In 2011, Nebraska joined the Big Ten, and the conference split into two divisions.  Michigan State was in the Legends division and Penn State was in the Leaders division, so they no longer played each other annually. Instead, Indiana and Nebraska were designated as Michigan State and Penn State's permanent rivals, respectively. Under this setup, Penn State and Michigan State would compete on average two out of every five years, but the two teams did not play against each other during the three years that this system was in effect (2011–13).

In 2014, when Maryland and Rutgers joined the Big Ten, the conference was realigned into two geographically-based divisions, East and West. Michigan State and Penn State are both in the East division, and thus resumed a yearly series. 

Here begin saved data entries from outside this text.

text \<open>The model \<open>Q^x_H(d)\<close>, with gradient \<open>g x = \<nabla>f(x)\<close>.\<close>
definition Qmodel :: "(real^'n \<Rightarrow> real^'n) \<Rightarrow> (real^'n \<Rightarrow> ereal) \<Rightarrow> real^'n^'n
    \<Rightarrow> real^'n \<Rightarrow> real^'n \<Rightarrow> ereal" where
  "Qmodel g \<psi> H x d = ereal (g x \<bullet> d + 1/2 * (d \<bullet> (H *v d))) + \<psi> (x + d) - \<psi> x"

end

theory Submission
  imports Defs
begin

text \<open>Write \<open>Q\<^sup>*\<close> for the infimum of the model \<open>Q\<close>; it is finite because \<open>Q - (\<sigma>/2)\<parallel>\<cdot>\<parallel>\<^sup>2\<close> is
  closed, convex and proper, hence has an affine minorant. Inexactness gives \<open>Q(d) \<le> (1 - \<eta>) Q\<^sup>*\<close>,
  while strong convexity along the segment from \<open>0\<close> to \<open>d\<close> gives
  \<open>Q\<^sup>* \<le> Q(t d) \<le> t Q(d) - (\<sigma>/2) t (1 - t) \<parallel>d\<parallel>\<^sup>2\<close>; taking \<open>t = 1/(1 + \<surd>\<eta>)\<close> yields
  \<open>Q(d) \<le> -(\<sigma>/2) (1 - \<surd>\<eta>)/(1 + \<surd>\<eta>) \<parallel>d\<parallel>\<^sup>2\<close>, which is the bound on \<open>\<Delta> = Q(d) - d\<^sup>THd/2\<close>.
  Rayleigh's bound \<open>d\<^sup>THd \<ge> \<lambda>\<^sub>m\<^sub>i\<^sub>n(H) \<parallel>d\<parallel>\<^sup>2\<close> turns it into \<open>\<Delta> \<le> -(K/2) \<parallel>d\<parallel>\<^sup>2\<close> with
  \<open>K = (1 - \<surd>\<eta>)/(1 + \<surd>\<eta>) \<sigma> + \<lambda>\<^sub>m\<^sub>i\<^sub>n(H)\<close>. With the descent
  lemma for \<open>f\<close> and convexity of \<open>\<psi>\<close> on the segment, the Armijo condition then holds for every step
  \<open>\<alpha> \<le> min 1 ((1 - \<gamma>) K / L)\<close>, so backtracking stops, at the latest one step below this threshold.\<close>

lemma inner_matrix_vector_symmetric:
  fixes H :: "real^'n^'n"
  assumes "transpose H = H"
  shows "v \<bullet> (H *v w) = (H *v v) \<bullet> w"
  by (metis assms dot_lmul_matrix transpose_matrix_vector)

lemma finite_eigenvalues_symmetric:
  fixes H :: "real^'n^'n"
  assumes sym: "transpose H = H"
  shows "finite {c. \<exists>v. v \<noteq> 0 \<and> H *v v = c *\<^sub>R v}"
proof (rule ccontr)
  let ?S = "{c. \<exists>v. v \<noteq> 0 \<and> H *v v = c *\<^sub>R v}"
  assume "infinite ?S"
  then obtain B where "card B = Suc CARD('n)" and "B \<subseteq> ?S"
    using infinite_arbitrarily_large by blast
  then have "\<forall>c\<in>B. \<exists>v. v \<noteq> 0 \<and> H *v v = c *\<^sub>R v" by blast
  then obtain e where e: "\<And>c. c \<in> B \<Longrightarrow> e c \<noteq> 0" "\<And>c. c \<in> B \<Longrightarrow> H *v e c = c *\<^sub>R e c"
    by (auto dest!: bchoice)
  have orth: "e c \<bullet> e c' = 0" if "c \<in> B" "c' \<in> B" "c \<noteq> c'" for c c'
  proof -
    have "c * (e c \<bullet> e c') = (H *v e c) \<bullet> e c'" using e(2)[OF that(1)] by simp
    also have "\<dots> = e c \<bullet> (H *v e c')" by (rule inner_matrix_vector_symmetric[OF sym, symmetric])
    also have "\<dots> = c' * (e c \<bullet> e c')" using e(2)[OF that(2)] by simp
    finally show ?thesis using that(3) by simp
  qed
  have "inj_on e B"
  proof (rule inj_onI)
    fix c c' assume "c \<in> B" "c' \<in> B" "e c = e c'"
    then have "c *\<^sub>R e c = c' *\<^sub>R e c" using e(2) by metis
    then show "c = c'" using e(1) \<open>c \<in> B\<close> by simp
  qed
  have "pairwise orthogonal (e ` B)"
    using orth by (auto simp: pairwise_def orthogonal_def)
  moreover have "0 \<notin> e ` B" using e(1) by force
  ultimately have "independent (e ` B)" by (rule pairwise_orthogonal_independent)
  then have "card (e ` B) \<le> CARD('n)" using independent_bound by force
  then show False using card_image[OF \<open>inj_on e B\<close>] \<open>card B = _\<close> by simp
qed

lemma nonneg_quadratic_linear_coeff_zero:
  fixes a b :: real
  assumes "\<And>t. 0 \<le> t * a + t\<^sup>2 * b"
  shows "a = 0"
proof (rule ccontr)
  assume "a \<noteq> 0"
  define c where "c = \<bar>b\<bar> + 1"
  have "c > 0" by (simp add: c_def add_pos_nonneg)
  define t where "t = - a / c"
  have "a + t * \<bar>b\<bar> = a / c"
    using \<open>c > 0\<close> unfolding t_def c_def by (simp add: field_simps)
  have "t * a + t\<^sup>2 * b \<le> t * a + t\<^sup>2 * \<bar>b\<bar>" by (simp add: mult_left_mono)
  also have "\<dots> = t * (a + t * \<bar>b\<bar>)" by (simp add: power2_eq_square algebra_simps)
  also have "\<dots> = - (a / c)\<^sup>2" unfolding \<open>a + t * \<bar>b\<bar> = a / c\<close> by (simp add: t_def power2_eq_square)
  also have "\<dots> < 0" using \<open>a \<noteq> 0\<close> \<open>c > 0\<close> by simp
  finally show False using assms[of t] by simp
qed

lemma quadratic_form_minimizer_eigenvector:
  fixes H :: "real^'n^'n"
  assumes sym: "transpose H = H"
    and ge: "\<And>w. \<mu> * (w \<bullet> w) \<le> w \<bullet> (H *v w)" and eq: "v \<bullet> (H *v v) = \<mu> * (v \<bullet> v)"
  shows "H *v v = \<mu> *\<^sub>R v"
proof -
  define r where "r = H *v v - \<mu> *\<^sub>R v"
  have expand: "(v + t *\<^sub>R r) \<bullet> (H *v (v + t *\<^sub>R r)) - \<mu> * ((v + t *\<^sub>R r) \<bullet> (v + t *\<^sub>R r))
      = t * (2 * (r \<bullet> r)) + t\<^sup>2 * (r \<bullet> (H *v r) - \<mu> * (r \<bullet> r))" for t
  proof -
    have "v \<bullet> (H *v r) = r \<bullet> (H *v v)"
      using inner_matrix_vector_symmetric[OF sym, of v r] by (simp add: inner_commute[of "H *v v"])
    moreover have "r \<bullet> (H *v v) = r \<bullet> r + \<mu> * (v \<bullet> r)"
      using inner_diff_right[of r "H *v v" "\<mu> *\<^sub>R v"] by (simp add: r_def[symmetric] inner_commute)
    moreover have "(v + t *\<^sub>R r) \<bullet> (H *v (v + t *\<^sub>R r))
        = v \<bullet> (H *v v) + t * (v \<bullet> (H *v r)) + t * (r \<bullet> (H *v v)) + t\<^sup>2 * (r \<bullet> (H *v r))"
      by (simp add: power2_eq_square algebra_simps)
    moreover have "(v + t *\<^sub>R r) \<bullet> (v + t *\<^sub>R r) = v \<bullet> v + 2 * t * (v \<bullet> r) + t\<^sup>2 * (r \<bullet> r)"
      by (simp add: inner_commute[of r v] power2_eq_square algebra_simps)
    ultimately show ?thesis using eq
      by (simp add: power2_eq_square inner_commute[of r v] algebra_simps)
  qed
  have "0 \<le> t * (2 * (r \<bullet> r)) + t\<^sup>2 * (r \<bullet> (H *v r) - \<mu> * (r \<bullet> r))" for t
    using ge[of "v + t *\<^sub>R r"] expand[of t] by linarith
  then have "2 * (r \<bullet> r) = 0" by (rule nonneg_quadratic_linear_coeff_zero)
  then have "r = 0" by simp
  then show ?thesis unfolding r_def by simp
qed

lemma quadratic_form_min_on_sphere:
  fixes H :: "real^'n^'n"
  obtains v where "norm v = 1" "\<And>w. (v \<bullet> (H *v v)) * (w \<bullet> w) \<le> w \<bullet> (H *v w)"
proof -
  have "continuous_on (sphere 0 1) (\<lambda>v. v \<bullet> (H *v v))"
    by (intro continuous_on_inner continuous_on_id matrix_vector_mult_linear_continuous_on)
  moreover have "sphere (0::real^'n) 1 \<noteq> {}" by simp
  ultimately obtain v where v: "v \<in> sphere 0 1"
    and min: "\<And>u. u \<in> sphere 0 1 \<Longrightarrow> v \<bullet> (H *v v) \<le> u \<bullet> (H *v u)"
    using continuous_attains_inf[OF compact_sphere] by blast
  have "(v \<bullet> (H *v v)) * (w \<bullet> w) \<le> w \<bullet> (H *v w)" for w
  proof (cases "w = 0")
    case False
    have "v \<bullet> (H *v v) \<le> (w /\<^sub>R norm w) \<bullet> (H *v (w /\<^sub>R norm w))" using False by (intro min) simp
    then show ?thesis using False
      by (simp add: matrix_vector_mult_scaleR power2_norm_eq_inner[symmetric] field_simps power2_eq_square)
  qed simp
  then show thesis using v that by simp
qed

text \<open>The minimum of the quadratic form on the unit sphere is attained at an eigenvector, so it is
  itself an eigenvalue.\<close>
lemma lambda_min_le_quadratic_form:
  fixes H :: "real^'n^'n"
  assumes sym: "transpose H = H"
  shows "lambda_min H * (norm d)\<^sup>2 \<le> d \<bullet> (H *v d)"
proof -
  obtain v where v: "norm v = 1" and ge: "\<And>w. (v \<bullet> (H *v v)) * (w \<bullet> w) \<le> w \<bullet> (H *v w)"
    using quadratic_form_min_on_sphere[of H] by blast
  have "H *v v = (v \<bullet> (H *v v)) *\<^sub>R v"
    using v by (intro quadratic_form_minimizer_eigenvector[OF sym ge]) (simp add: power2_norm_eq_inner[symmetric])
  moreover have "v \<noteq> 0" using v by auto
  ultimately have "lambda_min H \<le> v \<bullet> (H *v v)"
    unfolding lambda_min_def by (intro Min_le finite_eigenvalues_symmetric[OF sym]) blast
  then have "lambda_min H * (norm d)\<^sup>2 \<le> (v \<bullet> (H *v v)) * (d \<bullet> d)"
    by (simp add: mult_right_mono power2_norm_eq_inner[symmetric])
  then show ?thesis using ge[of d] by linarith
qed

lemma descent_lemma:
  fixes f :: "'a::real_inner \<Rightarrow> real" and g :: "'a \<Rightarrow> 'a"
  assumes grad: "\<And>y. (f has_derivative (\<lambda>h. g y \<bullet> h)) (at y)"
    and Lip: "L-lipschitz_on UNIV g" and "0 \<le> \<alpha>"
  shows "f (x + \<alpha> *\<^sub>R d) \<le> f x + \<alpha> * (g x \<bullet> d) + L / 2 * \<alpha>\<^sup>2 * (norm d)\<^sup>2"
proof -
  define \<phi> where "\<phi> t = f (x + t *\<^sub>R d) - t * (g x \<bullet> d) - L / 2 * t\<^sup>2 * (norm d)\<^sup>2" for t
  have "((\<lambda>t. x + t *\<^sub>R d) has_derivative (\<lambda>h. h *\<^sub>R d)) (at t)" for t
    by (auto intro!: derivative_eq_intros)
  then have "((\<lambda>t. f (x + t *\<^sub>R d)) has_derivative (\<lambda>h. g (x + t *\<^sub>R d) \<bullet> (h *\<^sub>R d))) (at t)" for t
    using has_derivative_compose[OF _ grad] by blast
  then have "((\<lambda>t. f (x + t *\<^sub>R d)) has_real_derivative (g (x + t *\<^sub>R d) \<bullet> d)) (at t)" for t
    by (simp add: has_field_derivative_def mult_commute_abs)
  then have deriv: "(\<phi> has_real_derivative (g (x + t *\<^sub>R d) \<bullet> d - g x \<bullet> d - L * t * (norm d)\<^sup>2)) (at t)" for t
    unfolding \<phi>_def by (auto intro!: derivative_eq_intros)
  have "g (x + t *\<^sub>R d) \<bullet> d - g x \<bullet> d \<le> L * t * (norm d)\<^sup>2" if "0 \<le> t" for t
  proof -
    have "(g (x + t *\<^sub>R d) - g x) \<bullet> d \<le> norm (g (x + t *\<^sub>R d) - g x) * norm d"
      by (rule norm_cauchy_schwarz)
    also have "\<dots> \<le> L * (t * norm d) * norm d"
      using lipschitz_onD[OF Lip, of "x + t *\<^sub>R d" x] that by (simp add: dist_norm mult_right_mono)
    finally show ?thesis by (simp add: power2_eq_square algebra_simps)
  qed
  then have "\<phi> \<alpha> \<le> \<phi> 0"
    using DERIV_nonpos_imp_nonincreasing[OF \<open>0 \<le> \<alpha>\<close>, of \<phi>] deriv by fastforce
  then show ?thesis unfolding \<phi>_def by simp
qed

lemma ext_convexD:
  fixes \<phi> :: "'a::real_vector \<Rightarrow> ereal"
  assumes "ext_convex \<phi>" "\<phi> a \<le> ereal u" "\<phi> b \<le> ereal v" "0 \<le> t" "t \<le> 1"
  shows "\<phi> (t *\<^sub>R a + (1 - t) *\<^sub>R b) \<le> ereal (t * u + (1 - t) * v)"
proof -
  have "(a, u) \<in> epi \<phi>" "(b, v) \<in> epi \<phi>" using assms(2,3) by (simp_all add: epi_def)
  then have "t *\<^sub>R (a, u) + (1 - t) *\<^sub>R (b, v) \<in> epi \<phi>"
    using assms(1,4,5) unfolding ext_convex_def by (intro convexD) auto
  then show ?thesis by (simp add: epi_def)
qed

lemma norm_convex_combination_sq:
  fixes a b :: "'a::real_inner"
  shows "t * (norm a)\<^sup>2 + (1 - t) * (norm b)\<^sup>2 - (norm (t *\<^sub>R a + (1 - t) *\<^sub>R b))\<^sup>2
    = t * (1 - t) * (norm (a - b))\<^sup>2"
  by (simp add: power2_norm_eq_inner inner_commute[of b a] algebra_simps)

Michigan State University followed by Penn State University are the nation's oldest land-grant universities, hence the name for the trophy. In 1955 on the 100th anniversary of the founding of the land grant system, Michigan State and Penn State were commemorated on a U.S. postage stamp honoring the "First of the Land-Grant Colleges". These two universities were the first ever universities to be placed on a U.S. postage stamp.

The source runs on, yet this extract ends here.